MINNEAPOLIS — A couple for 11 years already, Jeff Isaacson and Al Giraud of Minneapolis were first in line Thursday morning to receive a Hennepin County marriage license under Minnesota’s new law allowing gay couples to wed.
“We are already married in our own minds, and the minds of our families,” said Isaacson, 48, a bank analyst. “But that state recognition is going to be huge. We don’t have to worry about extra legal hoops to go through to take care of each other, or even something so mundane as filing taxes together. It’s a huge step.”
Minnesota is the first Midwestern state to legalize gay marriage by legislative vote, and the third nationwide in recent weeks, joining Rhode Island and Delaware. The Legislature’s vote in May came a little more than six months after voters defeated an amendment that would have banned gay marriage in the state constitution.

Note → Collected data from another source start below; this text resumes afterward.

(* If $G$ is a graph with minimum degree $\delta=\delta(G)\ge 2$ and maximum degree $\Delta=\Delta(G)\ge 4\lfloor\delta/2\rfloor-2$, then $$\mathrm{TC}_2(G)\le \Big\lfloor\tfrac{\delta}{2}\Big\rfloor\Big(\Delta-2\Big\lfloor\tfrac{\delta}{2}\Big\rfloor+1\Big)+\Big\lceil\tfrac{\delta}{2}\Big\rceil.$$ Moreover, the bound is sharp for every even minimum degree: for every even $\delta\ge 2$ there exists a graph with minimum degree $\delta$ satisfying the hypothesis and attaining equality.
   Context: All graphs are finite, simple and connected. $N(v)$ denotes the open neighborhood of $v$. A set $S\subseteq V(G)$ is a total $2$-dominating set if $|N(v)\cap S|\ge 2$ for every $v\in V(G)$. Two disjoint sets $U,W\subseteq V(G)$ form a total $2$-coalition if neither is a total $2$-dominating set but $U\cup W$ is. A total $2$-coalition partition of $G$ is a partition $\Omega$ of $V(G)$ in which every set forms a total $2$-coalition with some other set of $\Omega$; $\mathrm{TC}_2(G)$ is the maximum cardinality of such a partition. *)

theory Defs
  imports Main "HOL-Library.Disjoint_Sets"
begin

definition graph :: "'a set \<Rightarrow> ('a \<Rightarrow> 'a \<Rightarrow> bool) \<Rightarrow> bool" where
  "graph V E \<longleftrightarrow> finite V \<and> V \<noteq> {} \<and>
     (\<forall>u v. E u v \<longrightarrow> u \<in> V \<and> v \<in> V) \<and>
     (\<forall>u v. E u v \<longrightarrow> E v u) \<and> (\<forall>v. \<not> E v v) \<and>
     (\<forall>u\<in>V. \<forall>v\<in>V. (u, v) \<in> {(x, y). E x y}\<^sup>*)"

definition nbhd :: "('a \<Rightarrow> 'a \<Rightarrow> bool) \<Rightarrow> 'a \<Rightarrow> 'a set" where
  "nbhd E v = {u. E v u}"

definition degree :: "('a \<Rightarrow> 'a \<Rightarrow> bool) \<Rightarrow> 'a \<Rightarrow> nat" where
  "degree E v = card (nbhd E v)"
lemma not_tendsto_imp_subseq_apart:
  fixes X :: "nat \<Rightarrow> real"
  assumes "\<not> X \<longlonglongrightarrow> L"
  shows "\<exists>e>0. \<exists>s :: nat \<Rightarrow> nat. strict_mono s \<and> (\<forall>n. e \<le> \<bar>X (s n) - L\<bar>)"
proof -
  obtain e where e: "e > 0" "\<not> eventually (\<lambda>n. \<bar>X n - L\<bar> < e) sequentially"
    using assms unfolding tendsto_iff dist_real_def by auto
  then have "frequently (\<lambda>n. e \<le> \<bar>X n - L\<bar>) sequentially"
    by (simp add: not_eventually not_less)
  then have "infinite {n. e \<le> \<bar>X n - L\<bar>}"
    by (simp add: frequently_cofinite[symmetric] cofinite_eq_sequentially)
  then obtain s :: "nat \<Rightarrow> nat" where "strict_mono s" "\<And>n. s n \<in> {n. e \<le> \<bar>X n - L\<bar>}"
    using infinite_enumerate by blast
  then show ?thesis using e(1) by blast
qed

Three large Minnesota counties became the first on Thursday to issue the new licenses, and about half a dozen couples passed through the basement service center of the Hennepin County Government Center in the hour after it opened at 7:30 a.m.
A recent analysis by the state Department of Management and Budget estimated that 5,000 Minnesota gay couples would get married under the first year of the new law.
The weddings can start taking place beginning Aug. 1.
Isaacson and Giraud, a 41-year old corporate trainer, said they hoped to get married right after midnight on the day it becomes legal. Minneapolis Mayor R.T. Rybak has said he would start performing weddings at that moment. The two men said they would hold a small reception for friends and families later in the fall.
Isaacson and Giraud said it went without saying that they’d get married when the Minnesota Legislature legalized gay marriage last month. Still, they admitted it’s been an adjustment as they navigate an institution long denied to them.
“We just changed our Facebook status to ‘engaged.’ It had been ‘in a relationship,'” Giraud said. Isaacson added: “We’re used to referring to each other as our ‘partner’ so we’re going to have to get used to ‘husband.'”
New marriage licenses were available Thursday morning at service centers in Hennepin, Ramsey and Washington counties, all in the Minneapolis-St. Paul area. Officials in other counties have said their new licenses might not be ready until later in July.